#### RECORDS SUPPLIED ####

lemma cmi_ge_gibbs:
  assumes fin: "finite Om" and nn: "\<forall>w\<in>Om. 0 \<le> P w"
  shows "(\<Sum>w\<in>Om. P w - P w * cond_indep_ratio Om P A B C w) / ln 2 \<le> cmi Om P A B C"
  unfolding cmi_def sum_divide_distrib
proof (rule sum_mono)
  fix w assume w: "w \<in> Om"
  show "(P w - P w * cond_indep_ratio Om P A B C w) / ln 2
    \<le> P w * log 2 ((pr Om P (\<lambda>v. A v = A w \<and> B v = B w \<and> C v = C w) * pr Om P (\<lambda>v. C v = C w))
             / (pr Om P (\<lambda>v. A v = A w \<and> C v = C w) * pr Om P (\<lambda>v. B v = B w \<and> C v = C w)))"
  proof (cases "P w = 0")
    case True then show ?thesis by simp
  next
    case False
    then have pw: "0 < P w" using nn w by force
    have g: "\<And>E. E w \<Longrightarrow> 0 < pr Om P E" using pr_ge_mass[OF fin nn w] pw by force
    show ?thesis unfolding cond_indep_ratio_def using pw by (intro log_ratio_ge g) auto
  qed
qed

lemma sum_cond_product_le:
  assumes fin: "finite Om"
  shows "(\<Sum>x\<in>A ` Om. \<Sum>y\<in>B ` Om. \<Sum>z\<in>C ` Om.
           pr Om P (\<lambda>v. A v = x \<and> C v = z) * pr Om P (\<lambda>v. B v = y \<and> C v = z) / pr Om P (\<lambda>v. C v = z))
         \<le> sum P Om"
proof -
  define pAC where "pAC x z = pr Om P (\<lambda>v. A v = x \<and> C v = z)" for x z
  define pBC where "pBC y z = pr Om P (\<lambda>v. B v = y \<and> C v = z)" for y z
  define pC where "pC z = pr Om P (\<lambda>v. C v = z)" for z
  have finite_images: "finite (A ` Om)" "finite (B ` Om)" "finite (C ` Om)" using fin by auto
  have "(\<Sum>x\<in>A ` Om. \<Sum>y\<in>B ` Om. \<Sum>z\<in>C ` Om. pAC x z * pBC y z / pC z)
      = (\<Sum>x\<in>A ` Om. \<Sum>z\<in>C ` Om. \<Sum>y\<in>B ` Om. pAC x z * pBC y z / pC z)"
    by (rule sum.cong[OF refl], rule sum.swap)
  also have "\<dots> = (\<Sum>z\<in>C ` Om. \<Sum>x\<in>A ` Om. \<Sum>y\<in>B ` Om. pAC x z * pBC y z / pC z)"
    by (rule sum.swap)
  also have "\<dots> = (\<Sum>z\<in>C ` Om. (\<Sum>x\<in>A ` Om. pAC x z) * (\<Sum>y\<in>B ` Om. pBC y z) / pC z)"
    by (simp add: sum_product sum_divide_distrib)
  also have "\<dots> = (\<Sum>z\<in>C ` Om. pC z * pC z / pC z)"
  proof (rule sum.cong[OF refl])
    fix z
    have "(\<Sum>x\<in>A ` Om. pAC x z) = pC z" unfolding pAC_def pC_def
      by (rule sum_pr_marginal[OF fin _ finite_images(1)]) auto
    moreover have "(\<Sum>y\<in>B ` Om. pBC y z) = pC z" unfolding pBC_def pC_def
      by (rule sum_pr_marginal[OF fin _ finite_images(2)]) auto
    ultimately show "(\<Sum>x\<in>A ` Om. pAC x z) * (\<Sum>y\<in>B ` Om. pBC y z) / pC z = pC z * pC z / pC z" by simp
  qed
  also have "\<dots> \<le> (\<Sum>z\<in>C ` Om. pC z)"
    by (intro sum_mono) (simp add: pC_def)
  also have "\<dots> = sum P Om"
  proof -
    have "(\<Sum>z\<in>C ` Om. pC z) = pr Om P (\<lambda>_. True)"
      unfolding pC_def using sum_pr_marginal[where F=C and I="C ` Om" and P=P and E="\<lambda>_. True" and Om=Om] fin by simp
    then show ?thesis unfolding pr_def by simp
  qed
  finally show ?thesis unfolding pAC_def pBC_def pC_def .
qed

lemma sum_cond_indep_ratio_le:
  assumes fin: "finite Om" and nn: "\<forall>w\<in>Om. 0 \<le> P w"
  shows "(\<Sum>w\<in>Om. P w * cond_indep_ratio Om P A B C w) \<le> sum P Om"
proof -
  define pABC where "pABC t = pr Om P (\<lambda>v. (A v, B v, C v) = t)" for t
  define pAC where "pAC x z = pr Om P (\<lambda>v. A v = x \<and> C v = z)" for x z
  define pBC where "pBC y z = pr Om P (\<lambda>v. B v = y \<and> C v = z)" for y z
  define pC where "pC z = pr Om P (\<lambda>v. C v = z)" for z
  define g where "g t = (case t of (x,y,z) \<Rightarrow> pAC x z * pBC y z / pC z)" for t
  define T where "T w = (A w, B w, C w)" for w
  have gnn: "\<And>t. 0 \<le> g t" unfolding g_def pAC_def pBC_def pC_def using nn
    by (auto split: prod.split intro!: divide_nonneg_nonneg mult_nonneg_nonneg pr_nonneg)
  have a_eq: "\<And>w. pr Om P (\<lambda>v. A v = A w \<and> B v = B w \<and> C v = C w) = pABC (T w)"
    unfolding pABC_def T_def by simp
  have q_eq: "\<And>w. P w * cond_indep_ratio Om P A B C w = P w / pABC (T w) * g (T w)"
    unfolding cond_indep_ratio_def a_eq g_def T_def pAC_def pBC_def pC_def by simp
  have finite_images: "finite (A ` Om)" "finite (B ` Om)" "finite (C ` Om)" using fin by auto
  have fiber_mass: "\<And>t. t \<in> T ` Om \<Longrightarrow> (\<Sum>w\<in>{w\<in>Om. T w = t}. P w) = pABC t"
    unfolding pABC_def pr_def T_def by (rule sum.mono_neutral_cong_left) (use fin in auto)
  have "(\<Sum>w\<in>Om. P w * cond_indep_ratio Om P A B C w) = (\<Sum>w\<in>Om. P w / pABC (T w) * g (T w))"
    unfolding q_eq ..
  also have "\<dots> = (\<Sum>t\<in>T ` Om. \<Sum>w\<in>{w\<in>Om. T w = t}. P w / pABC (T w) * g (T w))"
    using fin by (intro sum.group[symmetric]) auto
  also have "\<dots> = (\<Sum>t\<in>T ` Om. pABC t / pABC t * g t)"
  proof (rule sum.cong[OF refl])
    fix t assume t: "t \<in> T ` Om"
    have "(\<Sum>w\<in>{w\<in>Om. T w = t}. P w / pABC (T w) * g (T w)) = (\<Sum>w\<in>{w\<in>Om. T w = t}. P w) / pABC t * g t"
      by (simp add: sum_divide_distrib sum_distrib_right)
    then show "(\<Sum>w\<in>{w\<in>Om. T w = t}. P w / pABC (T w) * g (T w)) = pABC t / pABC t * g t"
      using fiber_mass[OF t] by simp
  qed
  also have "\<dots> \<le> (\<Sum>t\<in>T ` Om. g t)"
    by (intro sum_mono) (auto intro: mult_left_le_one_le gnn simp: divide_le_eq_1)
  also have "\<dots> \<le> (\<Sum>t\<in>A ` Om \<times> (B ` Om \<times> C ` Om). g t)"
    using finite_images gnn by (intro sum_mono2) (auto simp: T_def)
  also have "\<dots> = (\<Sum>x\<in>A ` Om. \<Sum>y\<in>B ` Om. \<Sum>z\<in>C ` Om. pAC x z * pBC y z / pC z)"
    unfolding sum_Times g_def by simp
  also have "\<dots> \<le> sum P Om"
    unfolding pAC_def pBC_def pC_def by (rule sum_cond_product_le[OF fin])
  finally show ?thesis .
qed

####

_ACTION ITEM_:
Report the lines above that have the word "swap" in them.

_ANSWER TO THIS TASK_:
    by (rule sum.cong[OF refl], rule sum.swap)
    by (rule sum.swap)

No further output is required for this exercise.